EXERCISE INSTRUCTIONS:
How many of the lines below contain the word "less"? Only the number is wanted.

- Opening Delimiter -

(* Consider particles indexed by $x\in[0,1]$ with trajectories $y(t,x)$ solving $\frac{d^2y}{dt^2}=F(y)$, $y(0,x)=x$, $\frac{dy}{dt}(0,x)=v(x)$, where $v$ is a $C^1$ function on $[0,1]$. Say there are no collisions if $y(t,x)\ne y(t,x')$ for all $t\ge0$ and all $x\ne x'$ in $[0,1]$. 1) (one gap) Let $F_1>0$, $F_2\ge0$, $A>1$, and $F(x)=F_1$ for $0\le x<A$, $F(x)=F_2$ for $x\ge A$. If $v(x)=0$ for all $x\in[0,1]$, then there are no collisions if and only if $F_2\ge F_1$. If $v(x)\ge0$ for all $x\in[0,1]$, then there are no collisions if and only if for all $x\in[0,1]$ both $$-2(A-x)v'(x)<v(x)+\sqrt{D(x)}\quad\text{and}\quad v'(x)\big((F_1-F_2)v(x)+F_2\sqrt{D(x)}\big)\ge F_1(F_1-F_2)$$ hold, where $D(x)=v^2(x)+2F_1(A-x)$. 2) (two gaps) Let $v(x)=0$ for all $x\in[0,1]$, let $0<F_2<F_1$, $F_2<F_3$, $1<A<B$, and $F(x)=F_1$ for $0\le x<A$, $F(x)=F_2$ for $x\in[A,B)$, $F(x)=F_3$ for $x\ge B$. Then there are no collisions if and only if $$B-A\le\alpha(A-1),\qquad \alpha=\frac{F_1(F_3-F_1)\big(F_3(F_1-F_2)+F_1(F_3-F_2)\big)}{(F_1-F_2)^2F_3^2}.$$
   Context: One-dimensional continuum of non-interacting unit-mass point particles, each $x\in[0,1]$ starting at position $x$ with velocity $v(x)$ and moving under the piecewise constant external force $F$. *)

theory Defs
  imports "HOL-Analysis.Analysis"
begin

text \<open>A trajectory of a unit-mass particle under the (possibly discontinuous) force field F,
  starting at position x0 with velocity v0, for times t \<ge> 0, in the Caratheodory
  (integral) sense: y is differentiable on [0,\<infinity>) with derivative y', and
  y'(t) = v0 + integral over [0,t] of F(y(s)).\<close>
definition trajectory :: "(real \<Rightarrow> real) \<Rightarrow> real \<Rightarrow> real \<Rightarrow> (real \<Rightarrow> real) \<Rightarrow> bool" where
  "trajectory F x0 v0 y \<longleftrightarrow>
     (\<exists>y'. y 0 = x0 \<and> y' 0 = v0 \<and>
        (\<forall>t\<ge>0. (y has_real_derivative y' t) (at t within {0..})) \<and>
        (\<forall>t\<ge>0. ((\<lambda>s. F (y s)) has_integral (y' t - v0)) {0..t}))"

definition no_collisions :: "(real \<Rightarrow> real) \<Rightarrow> (real \<Rightarrow> real) \<Rightarrow> bool" where
  "no_collisions F v \<longleftrightarrow>
     (\<forall>y :: real \<Rightarrow> real \<Rightarrow> real.
        (\<forall>x\<in>{0..1}. trajectory F x (v x) (\<lambda>t. y t x)) \<longrightarrow>
        (\<forall>t\<ge>0. \<forall>x\<in>{0..1}. \<forall>x'\<in>{0..1}. x \<noteq> x' \<longrightarrow> y t x \<noteq> y t x'))"

end

theory Submission
  imports Defs
begin

(* The force is nonnegative, so every particle moves monotonically to the right; its trajectory
   is therefore unique and piecewise a free fall: with acceleration F1 until it reaches A at a
   time T(x), then with F2 (and with F3 after B).  Hence
     y(t,x) = x + v(x) t + F1 t^2/2 + (F2 - F1)/2 * max(t - T(x), 0)^2  (+ a term for B),
   which is differentiable in x.  No collisions means that x \<mapsto> y(t,x) is injective for all t;
   since y is continuous and y(0,x) = x, it must then be increasing, so dy/dx \<ge> 0 is necessary,
   while dy/dx > 0 is sufficient.  After the last crossing dy/dx is affine in t,
   J(x) + (t - T(x)) K(x), and earlier it is positive once J(x) > 0; so there are no collisions
   iff J > 0 and K \<ge> 0 on [0,1] (stretch_at_arrival, resp. stretch_at_B, and stretch_rate below),
   which unfolds to the stated inequalities. *)

definition ramp_sq :: "real \<Rightarrow> real" where
  "ramp_sq u = (max u 0)\<^sup>2"

lemma ramp_sq_has_real_derivative: "(ramp_sq has_real_derivative 2 * max u 0) (at u)"
proof (cases u "0::real" rule: linorder_cases)
  case less
  have "\<forall>\<^sub>F z in nhds u. ramp_sq z = 0"
    using eventually_nhds_in_open[of "{..<0}" u] less by (auto elim!: eventually_mono simp: ramp_sq_def)
  then have "(ramp_sq has_real_derivative 0) (at u) \<longleftrightarrow> ((\<lambda>_. 0) has_real_derivative 0) (at u)"
    by (intro DERIV_cong_ev) auto
  then show ?thesis
    using less by simp
next
  case greater
  have "\<forall>\<^sub>F z in nhds u. ramp_sq z = z\<^sup>2"
    using eventually_nhds_in_open[of "{0<..}" u] greater by (auto elim!: eventually_mono simp: ramp_sq_def)
  then have "(ramp_sq has_real_derivative 2 * u) (at u) \<longleftrightarrow> ((\<lambda>z. z\<^sup>2) has_real_derivative 2 * u) (at u)"
    by (intro DERIV_cong_ev) auto
  moreover have "((\<lambda>z. z\<^sup>2) has_real_derivative 2 * u) (at u)"
    by (auto intro!: derivative_eq_intros)
  ultimately show ?thesis
    using greater by simp
next
  case equal
  have "((\<lambda>z. ramp_sq z / z) \<longlongrightarrow> 0) (at 0)"
  proof (rule Lim_null_comparison[where g=abs])
    show "\<forall>\<^sub>F z in at 0. norm (ramp_sq z / z) \<le> \<bar>z\<bar>"
      by (intro always_eventually allI) (auto simp: ramp_sq_def power2_eq_square abs_mult max_def)
    show "(abs \<longlongrightarrow> 0) (at (0::real))"
      using tendsto_rabs[OF tendsto_ident_at[of "0::real" UNIV]] by simp
  qed
  then show ?thesis
    using equal by (simp add: has_field_derivative_iff ramp_sq_def)
qed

- Closing Delimiter -

EXERCISE RESULT:
3